Member of the Provincial Assembly of the Punjab

Personal details
- Born: 30 November 1973 (age 52)
- Party: PMLN (1998-present)

= Chaudhry Akhtar Abbas Bosal =

Pakistani politician

Chaudhry Akhtar Abbas is a Pakistani politician who is a Member of the Provincial Assembly of the Punjab from the constituency PP-43(Malakwal), and has previously remained a member of the Punjab assembly from August 2013 to May 2018.
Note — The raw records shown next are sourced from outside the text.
(* The ring A of finite sums of idempotents times constants is exactly
   the ring of functions K -> K with finite range (lemma Aset_eq).  With this
   description the ring-theoretic properties become pointwise arguments:
   - A is a subring of R, since pointwise operations preserve finite range;
   - A is von Neumann regular: b = (y |-> a(y)^-1) works, using inverse 0 = 0;
   - A is Baer: the annihilator of S is generated by the indicator function of the
     common zero set of S;
   - A is proper: a real field has characteristic 0, hence is infinite, so the
     identity function does not have finite range.
   The point indicators delta y0 lie in A.  They show that R is a rational extension
   of A, and they drive maximality: in any rational extension S of A (via j), every
   product j(delta y0) * s again lies in j(A), and the map sending s to the function
   y0 |-> (j^-1 (j(delta y0) * s))(y0) is an injective ring homomorphism S -> R over A.
   Properness together with R being a rational extension shows that A is not
   rationally complete. *)

lemma prodR_simps [simp]:
  "carrier prodR = UNIV" "mult prodR = (\<lambda>f g y. f y * g y)" "one prodR = (\<lambda>y. 1)"
  "zero prodR = (\<lambda>y. 0)" "add prodR = (\<lambda>f g y. f y + g y)"
  by (simp_all add: prodR_def)

lemma Aring_simps [simp]:
  "carrier Aring = Aset" "mult Aring = (\<lambda>f g y. f y * g y)" "one Aring = (\<lambda>y. 1)"
  "zero Aring = (\<lambda>y. 0)" "add Aring = (\<lambda>f g y. f y + g y)"
  by (simp_all add: Aring_def prodR_def)
(* Let $\Omega\subset\mathbb{R}^n$ be a non-empty bounded open set, let $f:[0,\rho_\Omega]\to\mathbb{R}$ be continuous, and assume that $u(x)=f(d_{\partial\Omega}(x))$ is a viscosity solution of $-\Delta_\infty u=1$ in $\Omega$. Then: (i) $f$ is monotone increasing on $[0,\rho_\Omega]$, i.e. $f(t_1)\le f(t_2)$ whenever $0\le t_1<t_2\le\rho_\Omega$; (ii) the function $v(z)=f(\rho_\Omega-|z|)$ is a viscosity solution of $-\Delta_\infty v=1$ in $B_{\rho_\Omega}(0)\setminus\{0\}$.
   Context: $d_{\partial\Omega}(x)=\min_{y\in\partial\Omega}|x-y|$; $\rho_\Omega=\max_{\overline\Omega}d_{\partial\Omega}$. $\Delta_\infty\varphi=\langle D^2\varphi\,\nabla\varphi,\nabla\varphi\rangle$. For an open set $A$, a function $w\in C^0(A)$ is a viscosity solution of $-\Delta_\infty w=1$ in $A$ if: whenever $\varphi\in C^2(A)$ and $\varphi-w$ has a local minimum at $x_0\in A$, then $-\Delta_\infty\varphi(x_0)\le1$; and whenever $\varphi\in C^2(A)$ and $\varphi-w$ has a local maximum at $x_0\in A$, then $-\Delta_\infty\varphi(x_0)\ge1$. *)

theory Defs
  imports "HOL-Analysis.Analysis"
begin

definition bdist :: "'a::euclidean_space set \<Rightarrow> 'a \<Rightarrow> real" where
  "bdist \<Omega> x = infdist x (frontier \<Omega>)"

definition inradius :: "'a::euclidean_space set \<Rightarrow> real" where
  "inradius \<Omega> = Sup (bdist \<Omega> ` closure \<Omega>)"

definition grad :: "('a::euclidean_space \<Rightarrow> real) \<Rightarrow> 'a \<Rightarrow> 'a" where
  "grad \<phi> x = (SOME g. (\<phi> has_derivative (\<lambda>h. g \<bullet> h)) (at x))"

definition hess :: "('a::euclidean_space \<Rightarrow> real) \<Rightarrow> 'a \<Rightarrow> 'a \<Rightarrow> 'a" where
  "hess \<phi> x = frechet_derivative (grad \<phi>) (at x)"

definition inf_laplacian :: "('a::euclidean_space \<Rightarrow> real) \<Rightarrow> 'a \<Rightarrow> real" where
  "inf_laplacian \<phi> x = hess \<phi> x (grad \<phi> x) \<bullet> grad \<phi> x"
lemma admissible_pair_canonical_form:
  assumes M_nz: "\<forall>i\<in>{1..n}. (of_nat (M i) :: 'f::field) \<noteq> 0"
    and adm: "(C, d) \<in> (admissible_pairs n M :: ((nat \<Rightarrow> 'f) \<times> _) set)"
    and lead: "C k \<noteq> 0" "\<forall>l<k. C l = 0"
  shows "k \<in> {1..n-1}" and "(tail_weight n M k :: 'f) \<noteq> 0"
    and "C = (\<lambda>a. C k * canonical_vec n M k a)"
proof -
  let ?T = "tail_weight n M k :: 'f"
  from adm have C: "C \<in> vecs n" and lin: "(\<Sum>j=1..n. of_nat (M j) * C j) = 0"
    by (auto simp: admissible_pairs_iff)
  have k: "k \<in> {1..n}"
    using C lead(1) by (auto simp: vecs_def)
  have const: "C l = C (k+1)" if "k < l" "l \<le> n" for l
    using admissible_tail_constant[OF adm _ lead(1), of l] M_nz that
    by (cases "l = k + 1") auto
  have "(\<Sum>j=0+1..n. of_nat (M j) * C j) = of_nat (M k) * C k + ?T * C (k+1)"
    using k lead(2) by (intro weighted_tail_sum_eq const) auto
  with lin have tail_lin: "of_nat (M k) * C k + ?T * C (k+1) = 0"
    by simp
  show T_nz: "?T \<noteq> 0"
  proof
    assume "?T = 0"
    with tail_lin have "of_nat (M k) * C k = 0" by simp
    with M_nz k lead(1) show False by auto
  qed
  then show "k \<in> {1..n-1}"
    using k by (cases "k = n") auto
  from tail_lin T_nz have C_succ: "C (k+1) = - of_nat (M k) / ?T * C k"
    by (simp add: field_simps eq_neg_iff_add_eq_0)
  show "C = (\<lambda>a. C k * canonical_vec n M k a)"
  proof
    fix l
    consider "l < k" | "l = k" | "k < l" "l \<le> n" | "n < l"
      by linarith
    then show "C l = C k * canonical_vec n M k l"
    proof cases
      case 3
      then have "C l = C (k+1)" by (rule const)
      with 3 C_succ show ?thesis by (simp add: canonical_vec_def)
    next
      case 4
      then show ?thesis
        using C k by (auto simp: canonical_vec_def vecs_def)
    qed (use lead in \<open>auto simp: canonical_vec_def\<close>)
  qed
qed
(* Let $\beta_1,\dots,\beta_N>0$ satisfy $(d-1)\sum_i\beta_i^2+(\sum_i\beta_i)^2=1$ and suppose the channel $T_\beta$ has marginals $(T_\beta)_i(\rho)=p_i\rho+(1-p_i)\frac Id$ for all pure states $\rho$. Then $N+(d^2-1)\sum_{i=1}^Np_i=d(d-1)+\frac{\big(\sum_{i=1}^N\sqrt{(d^2-1)p_i+1}\big)^2}{N+d-1}$.
   Context: Fix $d\ge2$, $N\ge1$. For a permutation $\sigma$ of $\{0,\dots,N-1\}$, $\Pi_\sigma(v_0\otimes\cdots\otimes v_{N-1})=v_{\sigma^{-1}(0)}\otimes\cdots\otimes v_{\sigma^{-1}(N-1)}$ on $(\mathbb C^d)^{\otimes N}$; $P_\beta=\frac1{N!}\sum_\sigma\beta_{\sigma(0)+1}\Pi_\sigma$ and $T_\beta(\rho)=\frac{dN(N+d-1)}{\binom{N+d-1}{N}}P_\beta(\rho\otimes I^{\otimes(N-1)})P_\beta^{\mathsf T}$, a quantum channel $\mathcal M_d\to\mathcal M_d^{\otimes N}$, with marginals $(T_\beta)_i(\rho)=\mathrm{Tr}_{\{1,\dots,N\}\setminus\{i\}}T_\beta(\rho)$ (output factors labelled $1,\dots,N$). *)

theory Defs
  imports "HOL-Analysis.Analysis" "HOL-Combinatorics.Permutations"
begin

text \<open>Operators on (C^d)^{tensor N} are represented as complex matrices indexed by
multi-indices j : {0..N-1} -> {0..d-1} (extensional functions); entry (j,i) is
the coefficient of e_j in the image of e_i. Operators on C^d are matrices
nat => nat => complex indexed by {0..d-1}.\<close>

type_synonym top = "(nat \<Rightarrow> nat) \<Rightarrow> (nat \<Rightarrow> nat) \<Rightarrow> complex"

definition midx :: "nat \<Rightarrow> nat \<Rightarrow> (nat \<Rightarrow> nat) set" where
  "midx d N = PiE {..<N} (\<lambda>_. {..<d})"

definition op_mult :: "nat \<Rightarrow> nat \<Rightarrow> top \<Rightarrow> top \<Rightarrow> top" where
  "op_mult d N A B = (\<lambda>j i. \<Sum>k\<in>midx d N. A j k * B k i)"

definition op_transpose :: "top \<Rightarrow> top" where
  "op_transpose A = (\<lambda>j i. A i j)"

text \<open>Pi_sigma (v_0 x ... x v_{N-1}) = v_{sigma^-1 0} x ... x v_{sigma^-1 (N-1)}:
it maps e_i to e_{i o sigma^-1}, so its (j,i) entry is 1 iff i = j o sigma.\<close>
definition perm_op :: "(nat \<Rightarrow> nat) \<Rightarrow> top" where
  "perm_op \<sigma> = (\<lambda>j i. if i = j \<circ> \<sigma> then 1 else 0)"

definition P_beta :: "nat \<Rightarrow> (nat \<Rightarrow> real) \<Rightarrow> top" where
  "P_beta N \<beta> = (\<lambda>j i. (1 / of_nat (fact N)) *
     (\<Sum>\<sigma>\<in>{\<sigma>. \<sigma> permutes {..<N}}. of_real (\<beta> (\<sigma> 0 + 1)) * perm_op \<sigma> j i))"

text \<open>rho tensor I^{tensor (N-1)}, rho acting on the first tensor factor (position 0).\<close>
definition ext_first :: "nat \<Rightarrow> (nat \<Rightarrow> nat \<Rightarrow> complex) \<Rightarrow> top" where
  "ext_first N \<rho> = (\<lambda>j i. \<rho> (j 0) (i 0) * (if \<forall>k\<in>{1..<N}. j k = i k then 1 else 0))"

definition T_beta :: "nat \<Rightarrow> nat \<Rightarrow> (nat \<Rightarrow> real) \<Rightarrow> (nat \<Rightarrow> nat \<Rightarrow> complex) \<Rightarrow> top" where
  "T_beta d N \<beta> \<rho> = (\<lambda>j i.
     of_real (real d * real N * real (N + d - 1) / real ((N + d - 1) choose N)) *
     op_mult d N (op_mult d N (P_beta N \<beta>) (ext_first N \<rho>)) (op_transpose (P_beta N \<beta>)) j i)"

text \<open>Marginal on output factor i (labels 1..N; factor i is tensor position i-1):
partial trace over all other factors.\<close>
definition marginal :: "nat \<Rightarrow> nat \<Rightarrow> nat \<Rightarrow> top \<Rightarrow> nat \<Rightarrow> nat \<Rightarrow> complex" where
  "marginal d N i X = (\<lambda>a b. \<Sum>x\<in>midx d N. if x (i - 1) = a then X x (x(i - 1 := b)) else 0)"

definition pure_state :: "(nat \<Rightarrow> complex) \<Rightarrow> nat \<Rightarrow> nat \<Rightarrow> complex" where
  "pure_state v = (\<lambda>a b. v a * cnj (v b))"

end

theory Submission
  imports Defs
begin

text \<open>Only one entry of the hypothesis is used: the \<open>(0,0)\<close> entry of the \<open>i\<close>-th marginal of
\<open>T\<^sub>\<beta>(|e\<^sub>0\<rangle>\<langle>e\<^sub>0|)\<close>, which determines \<open>p\<^sub>i\<close>. The diagonal entry of \<open>T\<^sub>\<beta>(|e\<^sub>0\<rangle>\<langle>e\<^sub>0|)\<close> at a
multi-index \<open>x\<close> is, up to normalisation, \<open>\<Sum>\<^sub>k (\<Sum>\<^bsub>x\<circ>\<sigma> = k\<^esub> \<beta>\<^bsub>\<sigma>(0)+1\<^esub>)\<^sup>2\<close> over the \<open>k\<close> with
\<open>k\<^sub>0 = 0\<close>. Counting the permutations that preserve the colouring \<open>x\<close> turns this into
\<open>(N-1)! w(x) (\<Sum>\<^bsub>x\<^sub>l = 0\<^esub> \<beta>\<^bsub>l+1\<^esub>)\<^sup>2\<close> with a stabiliser weight \<open>w\<close>. Summing over the \<open>x\<close> with
\<open>x\<^bsub>i-1\<^esub> = 0\<close> gives a quadratic form in \<open>\<beta>\<close> whose coefficient of \<open>\<beta>\<^bsub>l+1\<^esub>\<beta>\<^bsub>l'+1\<^esub>\<close>
depends only on \<open>|{i-1, l, l'}|\<close>; with the normalisation of \<open>\<beta>\<close> this yields
\<open>(d\<^sup>2-1) p\<^sub>i + 1 = d ((d-1) \<beta>\<^sub>i + \<Sum>\<beta>)\<^sup>2\<close>. Taking square roots and summing over \<open>i\<close> gives the
identity.\<close>

section \<open>Colour-preserving permutations\<close>

lemma card_colour_stabilizer:
  fixes x :: "'a \<Rightarrow> 'b"
  assumes S: "finite S" and C: "finite C" and xS: "x ` S \<subseteq> C"
  shows "card {\<rho>. \<rho> permutes S \<and> (\<forall>l\<in>S. x (\<rho> l) = x l)}
         = (\<Prod>a\<in>C. fact (card {l\<in>S. x l = a}))"
proof -
  define L where "L a = {l\<in>S. x l = a}" for a
  define Stab where "Stab = {\<rho>. \<rho> permutes S \<and> (\<forall>l\<in>S. x (\<rho> l) = x l)}"
  define Blocks where "Blocks = PiE C (\<lambda>a. {\<pi>. \<pi> permutes L a})"
  define restr where "restr \<rho> = (\<lambda>a\<in>C. \<lambda>l. if l \<in> L a then \<rho> l else l)" for \<rho> :: "'a \<Rightarrow> 'a"
  define glue where "glue f = (\<lambda>l. if l \<in> S then f (x l) l else l)" for f :: "'b \<Rightarrow> 'a \<Rightarrow> 'a"
  have finL: "finite (L a)" for a using S by (simp add: L_def)
  have restr_Blocks: "restr \<rho> \<in> Blocks" if r: "\<rho> \<in> Stab" for \<rho>
  proof -
    have p: "\<rho> permutes S" and px: "\<forall>l\<in>S. x (\<rho> l) = x l" using r by (auto simp: Stab_def)
    have "(\<lambda>l. if l \<in> L a then \<rho> l else l) permutes L a" for a
    proof (rule bij_imp_permutes)
      have sub: "\<rho> ` L a \<subseteq> L a" using px permutes_in_image[OF p] by (auto simp: L_def)
      have inj: "inj_on \<rho> (L a)" using permutes_inj_on[OF p] .
      have "\<rho> ` L a = L a" using endo_inj_surj[OF finL sub inj] .
      then show "bij_betw (\<lambda>l. if l \<in> L a then \<rho> l else l) (L a) (L a)"
        using inj unfolding bij_betw_def by (auto simp: inj_on_def image_def)
    qed auto
    then show ?thesis by (auto simp: restr_def Blocks_def)
  qed
  have glue_Stab: "glue f \<in> Stab" if f: "f \<in> Blocks" for f
  proof -
    have fp: "f a permutes L a" if "a \<in> C" for a using f that by (auto simp: Blocks_def)
    have mem: "f (x l) l \<in> L (x l)" if "l \<in> S" for l
      using permutes_in_image[OF fp[of "x l"]] that xS by (auto simp: L_def)
    have xpres: "\<forall>l\<in>S. x (glue f l) = x l"
      using mem by (auto simp: glue_def L_def)
    have img: "glue f ` S \<subseteq> S" using mem by (auto simp: glue_def L_def)
    have inj: "inj_on (glue f) S"
    proof (rule inj_onI)
      fix l l' assume l: "l \<in> S" and l': "l' \<in> S" and eq: "glue f l = glue f l'"
      have "x l = x l'" using xpres l l' eq by metis
      then have "f (x l) l = f (x l) l'" using eq l l' by (simp add: glue_def)
      then show "l = l'" using permutes_inj[OF fp[of "x l"]] l xS by (auto simp: inj_def)
    qed
    have "glue f ` S = S" using endo_inj_surj[OF S img inj] .
    then have "glue f permutes S"
      using inj by (intro bij_imp_permutes) (simp_all add: bij_betw_def glue_def)
    then show ?thesis using xpres by (simp add: Stab_def)
  qed
  have glue_restr: "glue (restr \<rho>) = \<rho>" if "\<rho> \<in> Stab" for \<rho>
  proof
    fix l
    have "\<rho> permutes S" using that by (simp add: Stab_def)
    then show "glue (restr \<rho>) l = \<rho> l"
      using xS permutes_not_in[of \<rho> S l] by (auto simp: glue_def restr_def L_def)
  qed
  have restr_glue: "restr (glue f) = f" if f: "f \<in> Blocks" for f
  proof
    fix a
    have fp: "f a permutes L a" if "a \<in> C" for a using f that by (auto simp: Blocks_def)
    show "restr (glue f) a = f a"
    proof (cases "a \<in> C")
      case True
      show ?thesis
        using True permutes_not_in[OF fp[OF True]] by (auto simp: restr_def glue_def L_def)
    next
      case False
      then show ?thesis using f by (auto simp: restr_def Blocks_def PiE_def extensional_def)
    qed
  qed
  have "bij_betw restr Stab Blocks"
    by (rule bij_betw_byWitness[where f'=glue]) (use restr_Blocks glue_Stab glue_restr restr_glue in auto)
  then have "card Stab = card Blocks" by (rule bij_betw_same_card)
  also have "\<dots> = (\<Prod>a\<in>C. fact (card (L a)))"
    by (simp add: Blocks_def card_PiE C card_permutations finL)
  finally show ?thesis by (simp add: Stab_def L_def)
qed
(* For any bipartite unitary $U\in\mathsf{U}(\mathcal{H}_A\otimes\mathcal{H}_B)$, $$1\le R_c(U)\le\xi(U)\le 2d_A^2d_B^2-1.$$
   Context: $d_A,d_B$ are the dimensions of $\mathcal{H}_A,\mathcal{H}_B$. The product extent $\xi(U)$ is the minimum of $2\|c\|_1^2-\|c\|_2^2$ over all decompositions $U=\sum_{j=1}^m c_jV_j\otimes W_j$ with $m\ge1$, $c\in\mathbb{R}^m$, $V_j\in\mathsf{U}(\mathcal{H}_A)$, $W_j\in\mathsf{U}(\mathcal{H}_B)$. The Choi–Jamiolkowski robustness is $R_c(U):=1+2R(J_U)$, where $J_U=(\mathrm{id}_{A'B'}\otimes\mathcal{U})(\Phi)$ is the Choi state of $\mathcal{U}(\rho)=U\rho U^\dagger$ ($\Phi$ the maximally entangled state between $A'B'$ and $AB$), regarded as a bipartite state with respect to $A'A\,|\,B'B$, and for a bipartite state $\rho$, $R(\rho)=\min\{s\ge0:\frac{1}{1+s}(\rho+s\sigma_-)\text{ is separable for some separable state }\sigma_-\}$ is its robustness of entanglement. *)

theory Defs
  imports Complex_Main
begin

type_synonym 'n cmat = "'n \<Rightarrow> 'n \<Rightarrow> complex"

definition id_mat :: "'n cmat" where
  "id_mat i j = (if i = j then 1 else 0)"

definition mmult :: "'n::finite cmat \<Rightarrow> 'n cmat \<Rightarrow> 'n cmat" where
  "mmult A B i k = (\<Sum>j\<in>UNIV. A i j * B j k)"

definition adj :: "'n cmat \<Rightarrow> 'n cmat" where
  "adj A i j = cnj (A j i)"

definition unitary :: "'n::finite cmat \<Rightarrow> bool" where
  "unitary U \<longleftrightarrow> mmult (adj U) U = id_mat \<and> mmult U (adj U) = id_mat"

definition trace :: "'n::finite cmat \<Rightarrow> complex" where
  "trace A = (\<Sum>i\<in>UNIV. A i i)"

definition kron :: "'a cmat \<Rightarrow> 'b cmat \<Rightarrow> ('a \<times> 'b) cmat" where
  "kron V W x y = V (fst x) (fst y) * W (snd x) (snd y)"

definition hermitian :: "'n cmat \<Rightarrow> bool" where
  "hermitian A \<longleftrightarrow> adj A = A"

definition psd :: "'n::finite cmat \<Rightarrow> bool" where
  "psd A \<longleftrightarrow> hermitian A \<and>
     (\<forall>v :: 'n \<Rightarrow> complex. 0 \<le> Re (\<Sum>i\<in>UNIV. \<Sum>j\<in>UNIV. cnj (v i) * A i j * v j))"

definition density :: "'n::finite cmat \<Rightarrow> bool" where
  "density \<rho> \<longleftrightarrow> psd \<rho> \<and> trace \<rho> = 1"

definition separable :: "('a::finite \<times> 'b::finite) cmat \<Rightarrow> bool" where
  "separable \<rho> \<longleftrightarrow> (\<exists>(m::nat) (p::nat \<Rightarrow> real) (\<rho>A::nat \<Rightarrow> 'a cmat) (\<rho>B::nat \<Rightarrow> 'b cmat).
      (\<forall>j<m. 0 \<le> p j \<and> density (\<rho>A j) \<and> density (\<rho>B j)) \<and>
      (\<Sum>j<m. p j) = 1 \<and>
      \<rho> = (\<lambda>x y. \<Sum>j<m. complex_of_real (p j) * kron (\<rho>A j) (\<rho>B j) x y))"

text \<open>Robustness of entanglement (the minimum in the paper, written as an infimum).\<close>
definition robustness :: "('a::finite \<times> 'b::finite) cmat \<Rightarrow> real" where
  "robustness \<rho> = Inf {s::real. 0 \<le> s \<and> (\<exists>\<sigma>::('a \<times> 'b) cmat. separable \<sigma> \<and>
       separable (\<lambda>x y. (\<rho> x y + complex_of_real s * \<sigma> x y) / complex_of_real (1 + s)))}"

text \<open>Choi state J_U = (id_{A'B'} \<otimes> U) \<Phi>, \<Phi> = |\<Omega>\<rangle>\<langle>\<Omega>|/(d_A d_B), \<Omega> = \<Sum>_x |x\<rangle>_{A'B'}|x\<rangle>_{AB},
  regarded as a bipartite state w.r.t. A'A | B'B.  The index ((a',a),(b',b)) corresponds to
  the basis vector |a'\<rangle>_{A'}|b'\<rangle>_{B'}|a\<rangle>_A|b\<rangle>_B.\<close>
definition choi :: "('a::finite \<times> 'b::finite) cmat \<Rightarrow> (('a \<times> 'a) \<times> ('b \<times> 'b)) cmat" where
  "choi U x y =
     U (snd (fst x), snd (snd x)) (fst (fst x), fst (snd x)) *
     cnj (U (snd (fst y), snd (snd y)) (fst (fst y), fst (snd y))) /
     of_nat (card (UNIV :: 'a set) * card (UNIV :: 'b set))"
==Early life and Family ==
He was born on 30 November 1973 into a landlord Jatt family known as king of the bar.
He hails from Tibba Chaudhry Manak Bosal, Mandi Bahauddin. He belongs to a political family. His maternal grandfather Chaudhry Jahan Khan Bosal was elected as Member of Punjab Legislative Assembly in 1946 elections from Gujrat. His paternal grandfather Chaudhry Manak Khan Bosal, in whose name Akhtar’s ancestral village has been named, remained a Member of Sixth Legislator of Provincial Assembly of West Pakistan (1956-1969). His Father Muhammad Nawaz Bosal remained a member of National Assembly of Pakistan for two terms, 1985 to 1988, and 1990 to 1993. He was also elected as a member of provincial assembly of Punjab in 1977. His uncle Muhammad Iqbal Bosal was elected as Member National Assembly of Pakistan from Mandi Bahauddin by defeating Nazar Muhammad Gondal in 1997 general elections.
His cousin Imdad Ullah Bosal, son of Ch Muhammad Iqbal Bosal is a Pakistani civil servant who serves in BPS-22 grade as Secretary Finance Division. He was the Chief Secretary, Government of Khyber Pakhtunkhwa from February 2023 to March 2023. He belongs to the Pakistan Administrative Service.
His cousin Chaudhry Nasir Iqbal Bosal is currently a Member National Assembly of Pakistan from Mandi Bahauddin, and remained MNA for two terms, 2013 to 2018, and 2018 to 2023.

==Political career==
He was elected to the Provincial Assembly of the Punjab as a candidate of Pakistan Muslim League (Nawaz) from Constituency PP-118 (Mandi Bahauddin-III) in by-polls held in August 2013.

He is currently a member of the provincial assembly of Punjab from the constituency PP-43 Malakwal, Mandibhauddin.